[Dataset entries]
# # #
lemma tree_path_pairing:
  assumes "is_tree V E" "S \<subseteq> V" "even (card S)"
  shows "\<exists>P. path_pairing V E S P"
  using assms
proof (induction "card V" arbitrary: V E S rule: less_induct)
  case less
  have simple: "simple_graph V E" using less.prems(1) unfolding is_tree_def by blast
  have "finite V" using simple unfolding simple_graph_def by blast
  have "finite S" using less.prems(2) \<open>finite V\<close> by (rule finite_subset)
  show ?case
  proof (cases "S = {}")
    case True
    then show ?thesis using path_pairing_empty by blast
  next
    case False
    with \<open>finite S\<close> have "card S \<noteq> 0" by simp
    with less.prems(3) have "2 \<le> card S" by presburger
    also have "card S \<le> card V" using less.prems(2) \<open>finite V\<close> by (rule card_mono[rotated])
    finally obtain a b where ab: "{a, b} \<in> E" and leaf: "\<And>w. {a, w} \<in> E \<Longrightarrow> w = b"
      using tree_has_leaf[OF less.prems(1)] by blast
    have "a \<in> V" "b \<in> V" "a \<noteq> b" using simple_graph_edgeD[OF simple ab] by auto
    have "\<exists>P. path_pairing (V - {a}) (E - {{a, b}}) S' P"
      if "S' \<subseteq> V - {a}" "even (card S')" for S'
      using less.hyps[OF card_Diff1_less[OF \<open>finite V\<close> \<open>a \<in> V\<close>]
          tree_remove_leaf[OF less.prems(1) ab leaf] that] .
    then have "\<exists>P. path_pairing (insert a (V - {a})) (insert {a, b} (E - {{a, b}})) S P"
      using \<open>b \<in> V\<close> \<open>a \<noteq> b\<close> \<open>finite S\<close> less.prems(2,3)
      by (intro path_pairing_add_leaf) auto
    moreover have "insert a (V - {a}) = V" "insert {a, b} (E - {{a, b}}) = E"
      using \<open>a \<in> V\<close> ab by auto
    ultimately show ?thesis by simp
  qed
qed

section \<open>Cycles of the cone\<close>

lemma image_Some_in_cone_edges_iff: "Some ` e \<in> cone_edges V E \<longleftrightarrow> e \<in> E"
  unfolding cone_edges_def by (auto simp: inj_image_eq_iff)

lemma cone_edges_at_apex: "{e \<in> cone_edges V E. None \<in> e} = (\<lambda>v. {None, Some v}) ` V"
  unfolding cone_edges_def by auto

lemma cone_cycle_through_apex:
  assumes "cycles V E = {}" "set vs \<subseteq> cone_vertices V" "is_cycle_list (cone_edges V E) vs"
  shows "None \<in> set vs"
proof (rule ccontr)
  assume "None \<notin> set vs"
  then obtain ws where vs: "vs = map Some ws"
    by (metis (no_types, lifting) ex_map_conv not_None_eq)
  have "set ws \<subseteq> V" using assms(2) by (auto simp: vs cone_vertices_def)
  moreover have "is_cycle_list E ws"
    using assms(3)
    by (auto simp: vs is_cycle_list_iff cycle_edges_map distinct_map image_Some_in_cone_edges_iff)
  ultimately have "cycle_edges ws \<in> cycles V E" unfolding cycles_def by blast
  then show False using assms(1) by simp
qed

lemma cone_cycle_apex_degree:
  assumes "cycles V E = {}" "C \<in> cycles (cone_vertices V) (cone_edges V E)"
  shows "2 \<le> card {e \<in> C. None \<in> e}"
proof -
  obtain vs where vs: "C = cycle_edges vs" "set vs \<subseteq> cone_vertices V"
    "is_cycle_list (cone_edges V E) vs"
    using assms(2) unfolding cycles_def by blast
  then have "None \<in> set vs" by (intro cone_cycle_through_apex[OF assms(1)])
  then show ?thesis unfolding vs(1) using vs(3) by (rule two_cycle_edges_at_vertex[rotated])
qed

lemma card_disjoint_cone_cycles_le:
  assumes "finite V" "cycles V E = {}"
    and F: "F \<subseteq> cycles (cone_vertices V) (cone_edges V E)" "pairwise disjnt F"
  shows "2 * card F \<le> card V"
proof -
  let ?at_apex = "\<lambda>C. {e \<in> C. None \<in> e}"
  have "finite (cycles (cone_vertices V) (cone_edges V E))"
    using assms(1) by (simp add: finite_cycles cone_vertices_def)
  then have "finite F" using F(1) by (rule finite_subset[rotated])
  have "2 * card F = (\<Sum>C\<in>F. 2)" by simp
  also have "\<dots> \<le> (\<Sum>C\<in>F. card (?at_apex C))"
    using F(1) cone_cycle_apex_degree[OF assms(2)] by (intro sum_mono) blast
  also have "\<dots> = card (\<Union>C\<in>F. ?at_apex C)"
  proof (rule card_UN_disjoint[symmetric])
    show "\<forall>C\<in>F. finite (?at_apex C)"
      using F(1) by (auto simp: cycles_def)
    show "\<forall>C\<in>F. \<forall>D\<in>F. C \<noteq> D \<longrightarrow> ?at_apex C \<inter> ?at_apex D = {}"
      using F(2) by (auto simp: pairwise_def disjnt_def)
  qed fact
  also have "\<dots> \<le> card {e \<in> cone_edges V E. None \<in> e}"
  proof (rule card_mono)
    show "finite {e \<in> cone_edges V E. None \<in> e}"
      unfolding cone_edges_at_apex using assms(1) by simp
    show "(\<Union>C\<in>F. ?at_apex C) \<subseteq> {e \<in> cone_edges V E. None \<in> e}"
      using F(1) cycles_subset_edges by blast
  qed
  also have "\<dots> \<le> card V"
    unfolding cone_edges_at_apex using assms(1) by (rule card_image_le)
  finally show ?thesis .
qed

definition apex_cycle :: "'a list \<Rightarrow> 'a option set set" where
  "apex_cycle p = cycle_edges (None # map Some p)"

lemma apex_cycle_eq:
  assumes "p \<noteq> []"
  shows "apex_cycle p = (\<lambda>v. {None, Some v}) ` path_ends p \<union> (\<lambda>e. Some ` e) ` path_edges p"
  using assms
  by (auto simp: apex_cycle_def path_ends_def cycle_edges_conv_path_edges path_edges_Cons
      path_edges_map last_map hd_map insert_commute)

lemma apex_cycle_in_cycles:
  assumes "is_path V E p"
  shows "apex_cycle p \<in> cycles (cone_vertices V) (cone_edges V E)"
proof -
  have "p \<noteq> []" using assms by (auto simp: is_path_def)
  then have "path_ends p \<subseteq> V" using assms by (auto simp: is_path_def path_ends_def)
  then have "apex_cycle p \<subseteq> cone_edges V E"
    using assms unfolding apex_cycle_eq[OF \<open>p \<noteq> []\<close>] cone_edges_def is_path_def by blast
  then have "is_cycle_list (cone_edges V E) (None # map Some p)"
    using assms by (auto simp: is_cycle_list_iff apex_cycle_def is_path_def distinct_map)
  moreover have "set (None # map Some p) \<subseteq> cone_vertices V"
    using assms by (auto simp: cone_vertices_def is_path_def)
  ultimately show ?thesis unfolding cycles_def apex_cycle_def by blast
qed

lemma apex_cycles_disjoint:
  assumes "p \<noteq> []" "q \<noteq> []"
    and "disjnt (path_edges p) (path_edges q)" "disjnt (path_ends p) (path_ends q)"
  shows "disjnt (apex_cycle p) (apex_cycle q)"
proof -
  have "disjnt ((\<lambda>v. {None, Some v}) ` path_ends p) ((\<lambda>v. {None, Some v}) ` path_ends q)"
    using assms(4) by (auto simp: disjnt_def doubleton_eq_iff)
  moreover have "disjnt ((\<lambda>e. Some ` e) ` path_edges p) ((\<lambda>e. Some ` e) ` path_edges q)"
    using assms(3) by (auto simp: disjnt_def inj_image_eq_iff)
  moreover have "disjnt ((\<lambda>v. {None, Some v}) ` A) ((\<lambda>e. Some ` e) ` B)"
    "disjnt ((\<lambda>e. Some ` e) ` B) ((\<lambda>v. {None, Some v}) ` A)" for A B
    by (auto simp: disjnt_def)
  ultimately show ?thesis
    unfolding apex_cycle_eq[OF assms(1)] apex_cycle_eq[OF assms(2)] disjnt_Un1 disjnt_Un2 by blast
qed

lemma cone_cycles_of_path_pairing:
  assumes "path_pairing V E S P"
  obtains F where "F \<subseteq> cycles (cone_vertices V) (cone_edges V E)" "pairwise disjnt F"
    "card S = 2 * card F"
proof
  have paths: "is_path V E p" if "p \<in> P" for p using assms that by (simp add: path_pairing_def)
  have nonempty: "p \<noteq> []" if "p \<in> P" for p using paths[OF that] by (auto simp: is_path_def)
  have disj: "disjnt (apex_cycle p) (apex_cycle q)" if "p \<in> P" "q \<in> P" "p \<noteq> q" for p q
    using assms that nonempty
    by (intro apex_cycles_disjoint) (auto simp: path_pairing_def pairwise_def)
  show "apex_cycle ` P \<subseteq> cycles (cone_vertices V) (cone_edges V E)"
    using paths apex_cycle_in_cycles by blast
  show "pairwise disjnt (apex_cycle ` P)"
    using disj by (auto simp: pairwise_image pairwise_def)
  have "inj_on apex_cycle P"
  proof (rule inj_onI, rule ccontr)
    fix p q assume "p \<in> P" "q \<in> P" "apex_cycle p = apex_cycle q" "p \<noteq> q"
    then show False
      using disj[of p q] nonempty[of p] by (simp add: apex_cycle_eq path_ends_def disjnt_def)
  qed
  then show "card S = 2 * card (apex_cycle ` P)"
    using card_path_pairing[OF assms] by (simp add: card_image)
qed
# # #
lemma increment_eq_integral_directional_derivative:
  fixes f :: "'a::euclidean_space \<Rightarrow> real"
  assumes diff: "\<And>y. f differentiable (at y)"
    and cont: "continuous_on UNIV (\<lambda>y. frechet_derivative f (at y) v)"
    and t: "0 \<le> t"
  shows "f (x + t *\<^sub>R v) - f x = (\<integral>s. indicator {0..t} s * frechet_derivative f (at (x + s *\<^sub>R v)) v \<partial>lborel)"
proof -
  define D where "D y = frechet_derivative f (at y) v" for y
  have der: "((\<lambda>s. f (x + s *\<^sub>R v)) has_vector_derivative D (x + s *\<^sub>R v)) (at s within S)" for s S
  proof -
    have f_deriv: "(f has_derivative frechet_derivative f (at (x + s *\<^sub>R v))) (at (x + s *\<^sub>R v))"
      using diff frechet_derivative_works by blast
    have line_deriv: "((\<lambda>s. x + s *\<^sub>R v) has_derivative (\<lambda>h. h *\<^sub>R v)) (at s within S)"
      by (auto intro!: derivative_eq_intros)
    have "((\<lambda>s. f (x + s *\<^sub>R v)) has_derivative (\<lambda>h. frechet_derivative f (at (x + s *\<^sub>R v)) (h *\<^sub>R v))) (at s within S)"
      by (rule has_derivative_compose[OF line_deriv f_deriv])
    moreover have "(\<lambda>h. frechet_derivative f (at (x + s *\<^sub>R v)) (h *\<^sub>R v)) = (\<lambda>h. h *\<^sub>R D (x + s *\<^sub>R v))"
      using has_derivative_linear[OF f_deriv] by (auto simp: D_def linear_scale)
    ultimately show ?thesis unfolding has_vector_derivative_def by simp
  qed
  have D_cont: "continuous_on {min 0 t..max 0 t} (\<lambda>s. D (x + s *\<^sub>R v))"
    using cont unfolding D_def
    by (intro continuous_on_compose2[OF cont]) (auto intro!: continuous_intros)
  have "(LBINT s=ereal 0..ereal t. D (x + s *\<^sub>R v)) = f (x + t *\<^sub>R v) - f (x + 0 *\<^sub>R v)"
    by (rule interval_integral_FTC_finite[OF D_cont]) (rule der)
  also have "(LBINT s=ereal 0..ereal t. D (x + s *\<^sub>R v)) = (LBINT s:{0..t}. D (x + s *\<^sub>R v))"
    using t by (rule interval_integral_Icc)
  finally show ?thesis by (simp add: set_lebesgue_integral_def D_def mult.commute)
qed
# # #
Return the total number of lines in the records that contain "shows", without any explanation.

**Worked solution**. 8